**TASK TO COMPLETE**.
Lines with the word "prems" are the ones wanted. Copy each of them from the entries below.

Collection entries:
▬▬▬▬▬▬

definition subadditive :: "'a set \<Rightarrow> ('a set \<Rightarrow> real) \<Rightarrow> bool" where
  "subadditive MM C \<longleftrightarrow> (\<forall>S T. S \<subseteq> MM \<and> T \<subseteq> MM \<longrightarrow> C (S \<union> T) \<le> C S + C T)"

definition valuation :: "'a set \<Rightarrow> ('a set \<Rightarrow> real) \<Rightarrow> bool" where
  "valuation Mi w \<longleftrightarrow> w {} = 0 \<and> (\<forall>S. S \<subseteq> Mi \<longrightarrow> w S \<ge> 0)
     \<and> (\<forall>S T. S \<subseteq> T \<and> T \<subseteq> Mi \<longrightarrow> w S \<le> w T)"

definition strict_total_on :: "'b set \<Rightarrow> ('b \<Rightarrow> 'b \<Rightarrow> bool) \<Rightarrow> bool" where
  "strict_total_on A R \<longleftrightarrow> (\<forall>x\<in>A. \<not> R x x)
     \<and> (\<forall>x\<in>A. \<forall>y\<in>A. \<forall>z\<in>A. R x y \<and> R y z \<longrightarrow> R x z)
     \<and> (\<forall>x\<in>A. \<forall>y\<in>A. x \<noteq> y \<longrightarrow> R x y \<or> R y x)"

definition lexfirst :: "('b \<Rightarrow> 'b \<Rightarrow> bool) \<Rightarrow> 'b set \<Rightarrow> 'b" where
  "lexfirst R A = (THE x. x \<in> A \<and> (\<forall>y\<in>A. y \<noteq> x \<longrightarrow> R x y))"

definition seq_choice ::
  "('a set \<Rightarrow> real) \<Rightarrow> (nat \<Rightarrow> 'a set) \<Rightarrow> (nat \<Rightarrow> 'a set \<Rightarrow> 'a set \<Rightarrow> bool)
   \<Rightarrow> (nat \<Rightarrow> 'a set \<Rightarrow> real) \<Rightarrow> nat \<Rightarrow> 'a set \<Rightarrow> 'a set" where
  "seq_choice C M R b i A = lexfirst (R i)
     {S. S \<subseteq> M i \<and> (\<forall>T. T \<subseteq> M i \<longrightarrow>
          b i T - (C (A \<union> T) - C A) \<le> b i S - (C (A \<union> S) - C A))}"

fun seq_prefix ::
  "('a set \<Rightarrow> real) \<Rightarrow> (nat \<Rightarrow> 'a set) \<Rightarrow> (nat \<Rightarrow> 'a set \<Rightarrow> 'a set \<Rightarrow> bool)
   \<Rightarrow> (nat \<Rightarrow> 'a set \<Rightarrow> real) \<Rightarrow> nat \<Rightarrow> 'a set" where
  "seq_prefix C M R b 0 = {}"
| "seq_prefix C M R b (Suc k) =
     seq_prefix C M R b k \<union> seq_choice C M R b k (seq_prefix C M R b k)"

definition seq_alloc ::
  "('a set \<Rightarrow> real) \<Rightarrow> (nat \<Rightarrow> 'a set) \<Rightarrow> (nat \<Rightarrow> 'a set \<Rightarrow> 'a set \<Rightarrow> bool)
   \<Rightarrow> (nat \<Rightarrow> 'a set \<Rightarrow> real) \<Rightarrow> nat \<Rightarrow> 'a set" where
  "seq_alloc C M R b i = seq_choice C M R b i (seq_prefix C M R b i)"

definition seq_price ::
  "('a set \<Rightarrow> real) \<Rightarrow> (nat \<Rightarrow> 'a set) \<Rightarrow> (nat \<Rightarrow> 'a set \<Rightarrow> 'a set \<Rightarrow> bool)
   \<Rightarrow> (nat \<Rightarrow> 'a set \<Rightarrow> real) \<Rightarrow> nat \<Rightarrow> real" where
  "seq_price C M R b i = C (seq_prefix C M R b (Suc i)) - C (seq_prefix C M R b i)"

text \<open>Utility of player i (true valuation v) when the reported profile is b.\<close>
definition seq_utility ::
  "('a set \<Rightarrow> real) \<Rightarrow> (nat \<Rightarrow> 'a set) \<Rightarrow> (nat \<Rightarrow> 'a set \<Rightarrow> 'a set \<Rightarrow> bool)
   \<Rightarrow> (nat \<Rightarrow> 'a set \<Rightarrow> real) \<Rightarrow> (nat \<Rightarrow> 'a set \<Rightarrow> real) \<Rightarrow> nat \<Rightarrow> real" where
  "seq_utility C M R v b i = v i (seq_alloc C M R b i) - seq_price C M R b i"

definition weakly_gsp ::
  "nat \<Rightarrow> ('a set \<Rightarrow> real) \<Rightarrow> (nat \<Rightarrow> 'a set) \<Rightarrow> (nat \<Rightarrow> 'a set \<Rightarrow> 'a set \<Rightarrow> bool)
   \<Rightarrow> (nat \<Rightarrow> 'a set \<Rightarrow> real) \<Rightarrow> bool" where
  "weakly_gsp n C M R v \<longleftrightarrow>
     (\<forall>K v'. K \<subseteq> {..<n} \<and> K \<noteq> {} \<and> (\<forall>i\<in>K. valuation (M i) (v' i))
        \<and> (\<forall>i<n. i \<notin> K \<longrightarrow> v' i = v i)
        \<and> (\<forall>i\<in>K. seq_utility C M R v v i \<le> seq_utility C M R v v' i)
        \<longrightarrow> (\<exists>j\<in>K. seq_utility C M R v v j = seq_utility C M R v v' j))"

definition social_cost ::
  "nat \<Rightarrow> ('a set \<Rightarrow> real) \<Rightarrow> (nat \<Rightarrow> 'a set) \<Rightarrow> (nat \<Rightarrow> 'a set \<Rightarrow> real)
   \<Rightarrow> (nat \<Rightarrow> 'a set) \<Rightarrow> real" where
  "social_cost n C M v S = C (\<Union>i<n. S i) + (\<Sum>i<n. v i (M i) - v i (S i))"

end

theory Submission
  imports Defs
begin

text \<open>Budget balance is a telescoping sum of the marginal-cost prices. For group
strategyproofness, look at the first member i of a deviating coalition: all earlier
players report truthfully, so i faces the same partial allocation as under truthful
reporting, and there its truthful choice already maximises its true utility; hence i
cannot strictly gain. For the approximation, the optimality of player i's choice
compared with the bundle S i of any allocation S, together with subadditivity and
monotonicity of C, bounds i's true disutility plus payment by
v i (M i) - v i (S i) + C (\<Union>j<n. S j); summing over the n players gives at most
n times the social cost of S.\<close>

lemma strict_total_on_ex_least:
  assumes "finite A" "A \<noteq> {}" "strict_total_on B R" "A \<subseteq> B"
  shows "\<exists>x\<in>A. \<forall>y\<in>A. y \<noteq> x \<longrightarrow> R x y"
  using assms
proof (induction A rule: finite_ne_induct)
  case (singleton x)
  then show ?case by simp
next
  case (insert a F)
  then obtain x where x: "x \<in> F" "\<forall>y\<in>F. y \<noteq> x \<longrightarrow> R x y"
    by blast
  have trans: "\<forall>x\<in>B. \<forall>y\<in>B. \<forall>z\<in>B. R x y \<and> R y z \<longrightarrow> R x z"
    and total: "\<forall>x\<in>B. \<forall>y\<in>B. x \<noteq> y \<longrightarrow> R x y \<or> R y x"
    using insert.prems(1) unfolding strict_total_on_def by blast+
  have in_B: "a \<in> B" "x \<in> B" "F \<subseteq> B"
    using insert.prems(2) x by auto
  show ?case
  proof (cases "R a x")
    case True
    have "R a y" if "y \<in> F" for y
      using that x True trans in_B by (cases "y = x") blast+
    then show ?thesis by blast
  next
    case False
    have "a \<noteq> x" using insert.hyps x by auto
    then have "R x a" using total in_B False by blast
    then show ?thesis using x by blast
  qed
qed

lemma lexfirst_in:
  assumes "finite A" "A \<noteq> {}" "strict_total_on B R" "A \<subseteq> B"
  shows "lexfirst R A \<in> A"
proof -
  obtain x where x: "x \<in> A" "\<forall>y\<in>A. y \<noteq> x \<longrightarrow> R x y"
    using strict_total_on_ex_least[OF assms] by blast
  have irrefl: "\<forall>x\<in>B. \<not> R x x"
    and trans: "\<forall>x\<in>B. \<forall>y\<in>B. \<forall>z\<in>B. R x y \<and> R y z \<longrightarrow> R x z"
    using assms(3) unfolding strict_total_on_def by blast+
  have unique: "z = x" if "z \<in> A" "\<forall>y\<in>A. y \<noteq> z \<longrightarrow> R z y" for z
  proof (rule ccontr)
    assume "z \<noteq> x"
    then have "R z x" "R x z" using that x by auto
    then show False using irrefl trans that x assms(4) by blast
  qed
  have "lexfirst R A = x"
    unfolding lexfirst_def
  proof (rule the_equality)
    show "x \<in> A \<and> (\<forall>y\<in>A. y \<noteq> x \<longrightarrow> R x y)" using x by blast
  qed (use unique in blast)
  then show ?thesis using x by simp
qed

lemma seq_choice_optimal:
  assumes "finite (M i)" "strict_total_on (Pow (M i)) (R i)"
  shows "seq_choice C M R b i A \<subseteq> M i"
    and "T \<subseteq> M i \<Longrightarrow> b i T - (C (A \<union> T) - C A)
           \<le> b i (seq_choice C M R b i A) - (C (A \<union> seq_choice C M R b i A) - C A)"
proof -
  define f where "f S = b i S - (C (A \<union> S) - C A)" for S
  define X where "X = {S. S \<subseteq> M i \<and> (\<forall>T. T \<subseteq> M i \<longrightarrow> f T \<le> f S)}"
  have fin_Pow: "finite (Pow (M i))" using assms(1) by simp
  have "Max (f ` Pow (M i)) \<in> f ` Pow (M i)"
    using fin_Pow by (intro Max_in) auto
  then obtain S where S: "S \<in> Pow (M i)" "f S = Max (f ` Pow (M i))"
    by auto
  have "S \<in> X"
    using S fin_Pow unfolding X_def by auto
  moreover have "X \<subseteq> Pow (M i)" unfolding X_def by auto
  ultimately have "lexfirst (R i) X \<in> X"
    using fin_Pow assms(2) by (intro lexfirst_in) (auto intro: finite_subset)
  moreover have "seq_choice C M R b i A = lexfirst (R i) X"
    unfolding seq_choice_def X_def f_def ..
  ultimately have "seq_choice C M R b i A \<in> X" by simp
  then show "seq_choice C M R b i A \<subseteq> M i"
    and "T \<subseteq> M i \<Longrightarrow> b i T - (C (A \<union> T) - C A)
           \<le> b i (seq_choice C M R b i A) - (C (A \<union> seq_choice C M R b i A) - C A)"
    unfolding X_def f_def by blast+
qed

lemma seq_prefix_eq_Union_alloc: "seq_prefix C M R b k = (\<Union>j<k. seq_alloc C M R b j)"
  by (induction k) (auto simp: seq_alloc_def lessThan_Suc)

lemma seq_prefix_cong:
  "(\<And>j. j < k \<Longrightarrow> b j = b' j) \<Longrightarrow> seq_prefix C M R b k = seq_prefix C M R b' k"
  by (induction k) (auto simp: seq_choice_def)

lemma seq_prefix_subset:
  assumes "\<forall>i<n. finite (M i)" "\<forall>i<n. strict_total_on (Pow (M i)) (R i)" "k \<le> n"
  shows "seq_prefix C M R b k \<subseteq> (\<Union>j<n. M j)"
  using assms(3)
proof (induction k)
  case 0
  then show ?case by simp
next
  case (Suc k)
  then have "seq_choice C M R b k (seq_prefix C M R b k) \<subseteq> M k"
    using assms(1,2) by (intro seq_choice_optimal(1)) auto
  then show ?case using Suc by force
qed

lemma seq_price_eq:
  "seq_price C M R b i
     = C (seq_prefix C M R b i \<union> seq_alloc C M R b i) - C (seq_prefix C M R b i)"
  by (simp add: seq_price_def seq_alloc_def)

lemma seq_budget_balanced:
  assumes "C {} = 0"
  shows "(\<Sum>i<n. seq_price C M R b i) = C (\<Union>i<n. seq_alloc C M R b i)"
proof -
  have "(\<Sum>i<n. seq_price C M R b i) = C (seq_prefix C M R b n) - C (seq_prefix C M R b 0)"
    unfolding seq_price_def by (rule sum_lessThan_telescope)
  then show ?thesis using assms by (simp add: seq_prefix_eq_Union_alloc)
qed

▬▬▬▬▬▬

**RESPONSE**.
    using insert.prems(1) unfolding strict_total_on_def by blast+
    using insert.prems(2) x by auto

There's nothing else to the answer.